Honest take: Unless you have a very specific compliance need, try not to over-customize. Every extra rule is another thing you’ll have to remember (and explain to new hires).

Step 4: Use Workspaces for Extra Separation

If your org has totally separate teams (say, HR and Sales), consider using Workspaces. Here’s what you need to know:

  • Each workspace has its own users and permissions.
  • Admins can be assigned per workspace. Someone who’s an admin in Sales won’t automatically be one in HR.
  • Docs and templates don’t cross over. This is good for privacy, but can be annoying if you need to share templates between teams.

When to use Workspaces: Only if you have genuinely separate groups who shouldn’t see each other’s stuff. If you’re just trying to organize things, use folders instead—it’s way less hassle.

Step 5: Review Who Can Do What—Regularly

People change roles, quit, or move teams. If you don’t check in on permissions now and then, you’ll end up with “zombie” accounts or people who have way more access than they need.

  • Once a quarter, review your user list.
  • Remove any inactive users.
  • Double-check who’s an admin. There should never be more than a handful.
  • Spot-check workspaces. Make sure only the right folks are in each one.

Pro tip: Set yourself a recurring calendar reminder. Seriously, nobody remembers to do this otherwise.

Step 6: Handle Sensitive Docs and Sharing

Sometimes you need to share a doc with someone outside your company. Pandadoc lets you do this, but it’s easy to slip up:

  • Use Document Roles: When sending a doc, set the recipient’s role (viewer, signer, etc.).
  • Double-check email addresses. Sounds obvious, but “typos happen” is a security incident waiting to happen.
  • Don’t send admin links externally. Only ever share public sign or view links with external folks.

What to ignore: Don’t waste time trying to encrypt docs inside Pandadoc—it’s handled on their end. Just focus on who you’re sharing with.

Step 7: Audit Logs and Tracking (If You Care)

Pandadoc keeps a log of who did what, which is handy if you ever need to prove who sent (or opened) a document.

  • Document History: Every doc has a history tab. Use it if you’re worried about who made changes.
  • Account Audit Logs: Available on some plans. Useful if you’re in a regulated industry, less so if you’re just wrangling contracts.

Honest take: Unless you’re in legal, HR, or finance, you’ll rarely need to dig through these. But it’s good to know they’re there.

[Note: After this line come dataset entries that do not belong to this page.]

lemma pochhammer_partial_fractions:
  fixes P :: "'a::field_char_0 poly"
  assumes "degree P \<le> n" "pochhammer t (Suc n) \<noteq> 0"
  shows "poly P t / pochhammer t (Suc n)
    = (\<Sum>k=0..n. (-1) ^ k * of_nat (n choose k) * (poly P (- of_nat k) / fact n) / (t + of_nat k))"
proof -
  have poch: "pochhammer t (Suc n) = (\<Prod>i\<in>{0..n}. t + of_nat i)"
    by (simp add: pochhammer_prod atLeastLessThanSuc_atLeastAtMost)
  have "poly P t = (\<Sum>k=0..n. poly P (- of_nat k) / (\<Prod>i\<in>{0..n}-{k}. of_nat i - of_nat k)
                               * (\<Prod>i\<in>{0..n}-{k}. t + of_nat i))"
    by (subst lagrange_interpolation_neg_nats[OF assms(1)])
      (simp add: poly_sum poly_prod add.commute)
  also have "\<dots> = (\<Sum>k=0..n. (-1) ^ k * of_nat (n choose k) * (poly P (- of_nat k) / fact n)
                               * (\<Prod>i\<in>{0..n}-{k}. t + of_nat i))"
    by (intro sum.cong refl)
      (simp add: prod_of_nat_diff_eq binomial_fact field_simps)
  finally have "poly P t / pochhammer t (Suc n) = (\<Sum>k=0..n. (-1) ^ k * of_nat (n choose k) * (poly P (- of_nat k) / fact n)
                               * (\<Prod>i\<in>{0..n}-{k}. t + of_nat i) / (\<Prod>i\<in>{0..n}. t + of_nat i))"
    by (simp add: poch sum_divide_distrib)
  also have "\<dots> = (\<Sum>k=0..n. (-1) ^ k * of_nat (n choose k) * (poly P (- of_nat k) / fact n) / (t + of_nat k))"
  proof (intro sum.cong refl)
    fix k assume k: "k \<in> {0..n}"
    then have split: "(\<Prod>i\<in>{0..n}. t + of_nat i) = (t + of_nat k) * (\<Prod>i\<in>{0..n}-{k}. t + of_nat i)"
      by (simp add: prod.remove)
    then have "(\<Prod>i\<in>{0..n}-{k}. t + of_nat i) \<noteq> 0" using assms(2) poch by auto
    then show "(-1) ^ k * of_nat (n choose k) * (poly P (- of_nat k) / fact n) * (\<Prod>i\<in>{0..n}-{k}. t + of_nat i)
        / (\<Prod>i\<in>{0..n}. t + of_nat i) = (-1) ^ k * of_nat (n choose k) * (poly P (- of_nat k) / fact n) / (t + of_nat k)"
      unfolding split by (rule nonzero_mult_divide_mult_cancel_right)
  qed
  finally show ?thesis .
qed

lemma eventually_at_pochhammer_nonzero:
  "\<forall>\<^sub>F t in at (x :: 'a::real_normed_field). pochhammer t n \<noteq> 0"
proof -
  have "{t. pochhammer t n = (0::'a)} = (\<lambda>k. - of_nat k) ` {..<n}"
    by (auto simp: pochhammer_eq_0_iff)
  then have "\<not> x islimpt {t. pochhammer t n = (0::'a)}"
    by (simp add: islimpt_finite)
  then show ?thesis
    by (simp add: islimpt_iff_eventually)
qed
lemma Od_fact_pow2:
  assumes "2 \<le> R" "2 ^ R \<le> N" "N < 2 ^ (R + 1)"
  shows "Od (fact N) * Od (fact (N - 2 ^ R)) = (if odd (N div 2 ^ (R - 1)) then 1 else -1)"
proof -
  have "(fact N :: nat) = fact (N - 2 ^ R) * \<Prod>{N - 2 ^ R<..N}"
    using fact_add_eq_fact_mult_prod[of "N - 2 ^ R" "2 ^ R"] assms(2) by simp
  then have "Od (fact N) = Od (fact (N - 2 ^ R)) * Od (\<Prod>{N - 2 ^ R<..N})"
    by (simp add: Od_mult prod_pos)
  then show ?thesis
    using Od_prod_interval_pow2[OF assms] Od_square[of "fact (N - 2 ^ R)"] by (simp add: ac_simps)
qed

lemma s2_eq:
  assumes "1 \<le> R" "2 ^ R \<le> N" "N < 2 ^ (R + 1)"
  shows "s2 N = 1 + N div 2 ^ (R - 1) mod 2"
proof -
  have "(GREATEST k. 2 ^ k \<le> N) = R"
  proof (rule Greatest_equality)
    fix k assume "2 ^ k \<le> N"
    then have "2 ^ k < (2::nat) ^ (R + 1)" using assms(3) by linarith
    then show "k \<le> R" using power_less_imp_less_exp[of "2::nat" k "R + 1"] by simp
  qed fact
  moreover have "N div 2 ^ R = 1" using assms by (simp add: div_nat_eqI)
  ultimately show ?thesis unfolding s2_def Let_def by simp
qed

lemma power_s2_eq_Od_fact:
  assumes "2 \<le> R" "2 ^ R \<le> N" "N < 2 ^ (R + 1)"
  shows "(-1::real) ^ s2 N = of_int (Od (fact N) * Od (fact (N - 2 ^ R)))"
proof -
  have "s2 N = 1 + N div 2 ^ (R - 1) mod 2" using s2_eq[of R N] assms by simp
  then show ?thesis
    unfolding Od_fact_pow2[OF assms] by (cases "odd (N div 2 ^ (R - 1))") (auto simp: odd_iff_mod_2_eq_one)
qed

section \<open>Comparing a shape with its core\<close>

lemma num_SYT_append_zeros: "num_SYT (mu @ replicate r 0) = num_SYT mu"
proof -
  have "cells (mu @ replicate r 0) = cells mu"
    unfolding cells_def by (auto simp: nth_append split: if_splits)
  then show ?thesis unfolding num_SYT_def SYT_def by (simp add: sum_list_replicate)
qed

lemma sorted_append_zeros:
  assumes "is_partition mu"
  shows "sorted_wrt (\<ge>) (mu @ replicate r 0)"
proof -
  have "sorted_wrt (\<ge>) (replicate r (0::nat))" by (induction r) auto
  then show ?thesis using assms unfolding is_partition_def by (auto simp: sorted_wrt_append)
qed

lemma H_append_zeros: "H (mu @ replicate r 0) = shiftset (H mu) r"
proof -
  let ?nu = "mu @ replicate r 0" and ?k = "length mu"
  have "H ?nu = beta ?nu ` {..<?k} \<union> beta ?nu ` {?k..<?k + r}"
    unfolding H_eq_image_beta by (simp add: ivl_disj_un flip: image_Un)
  also have "beta ?nu ` {..<?k} = (\<lambda>x. x + r) ` H mu"
    unfolding H_eq_image_beta image_image by (rule image_cong) (auto simp: beta_def nth_append)
  also have "beta ?nu ` {?k..<?k + r} = (\<lambda>j. ?k + r - Suc j) ` {?k..<?k + r}"
    by (rule image_cong) (auto simp: beta_def nth_append)
  also have "\<dots> = {0..<r}"
  proof (intro equalityI subsetI)
    fix x assume "x \<in> {0..<r}"
    then show "x \<in> (\<lambda>j. ?k + r - Suc j) ` {?k..<?k + r}"
      by (intro image_eqI[of _ _ "?k + r - Suc x"]) auto
  qed auto
  finally show ?thesis unfolding shiftset_def .
qed

lemma H_le_sum_list:
  assumes "is_partition lam" "x \<in> H lam"
  shows "x \<le> sum_list lam"
proof -
  obtain i where i: "i < length lam" "x = beta lam i"
    using assms(2) unfolding H_eq_image_beta by auto
  have "x \<le> lam ! i + (\<Sum>j\<in>{..<length lam} - {i}. 1)"
    using i unfolding beta_def by simp
  also have "\<dots> \<le> lam ! i + (\<Sum>j\<in>{..<length lam} - {i}. lam ! j)"
    using assms(1) unfolding is_partition_def
    by (intro add_left_mono sum_mono) (simp add: Suc_leI)
  also have "\<dots> = sum_list lam"
    using i(1) by (simp add: sum.remove[symmetric] sum_list_sum_nth atLeast0LessThan)
  finally show ?thesis .
qed

lemma num_SYT_exchange:
  assumes lam: "sorted_wrt (\<ge>) lam" "H lam = insert a A" "a \<notin> A"
    and mu: "sorted_wrt (\<ge>) mu" "H mu = insert b A" "b \<notin> A"
  shows "num_SYT lam * (fact a * fact (sum_list mu) * (\<Prod>y\<in>A. nat \<bar>int b - int y\<bar>))
       = num_SYT mu * (fact b * fact (sum_list lam) * (\<Prod>y\<in>A. nat \<bar>int a - int y\<bar>))"
proof -
  have A: "finite A" using finite_H[of lam] lam(2) by simp
  have hook: "real (num_SYT nu) * fact x * (\<Prod>y\<in>A. fact y)
      = fact (sum_list nu) * vandermonde A * real (\<Prod>y\<in>A. nat \<bar>int x - int y\<bar>)"
    if "sorted_wrt (\<ge>) nu" "H nu = insert x A" "x \<notin> A" for nu x
  proof -
    have "real (\<Prod>y\<in>A. nat \<bar>int x - int y\<bar>) = (\<Prod>y\<in>A. \<bar>real x - real y\<bar>)"
      unfolding of_nat_prod by (intro prod.cong) auto
    then show ?thesis
      using num_SYT_hook_formula[OF that(1)] vandermonde_insert[OF A that(3)] that(2,3) A
      by (simp add: ac_simps)
  qed
  let ?P = "\<Prod>y\<in>A. fact y :: real"
  let ?Da = "real (\<Prod>y\<in>A. nat \<bar>int a - int y\<bar>)" and ?Db = "real (\<Prod>y\<in>A. nat \<bar>int b - int y\<bar>)"
  have "real (num_SYT lam) * (fact a * fact (sum_list mu) * ?Db) * ?P
      = (real (num_SYT lam) * fact a * ?P) * (fact (sum_list mu) * ?Db)"
    by (simp only: ac_simps)
  also have "\<dots> = (real (num_SYT mu) * fact b * ?P) * (fact (sum_list lam) * ?Da)"
    unfolding hook[OF lam] hook[OF mu] by (simp only: ac_simps)
  also have "\<dots> = real (num_SYT mu) * (fact b * fact (sum_list lam) * ?Da) * ?P"
    by (simp only: ac_simps)
  finally have "real (num_SYT lam * (fact a * fact (sum_list mu) * (\<Prod>y\<in>A. nat \<bar>int b - int y\<bar>)))
      = real (num_SYT mu * (fact b * fact (sum_list lam) * (\<Prod>y\<in>A. nat \<bar>int a - int y\<bar>)))"
    using prod_pos[of A "fact :: nat \<Rightarrow> real"] by simp
  then show ?thesis by (simp only: of_nat_eq_iff)
qed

What Works Well (And What’s Frustrating)

What works: - The built-in roles are enough for almost everyone. - Workspaces are powerful for keeping teams truly separate. - The UI is clear, so you’re not digging for settings.

Frustrations: - No custom roles beyond what’s built in (for most plans). - Sharing between workspaces is a pain. - Over-customizing permissions can get unwieldy fast.

Keep It Simple—And Don’t Set It and Forget It

User roles and permissions aren’t a “set and forget” thing. Keep it simple: use the default roles, only add admins you trust, and revisit your setup every few months. Don’t get sucked into the weeds unless you have a real reason.

The biggest security risk isn’t hackers—it’s letting the wrong person click “send.” Set your roles with that in mind, and you’ll avoid 99% of headaches.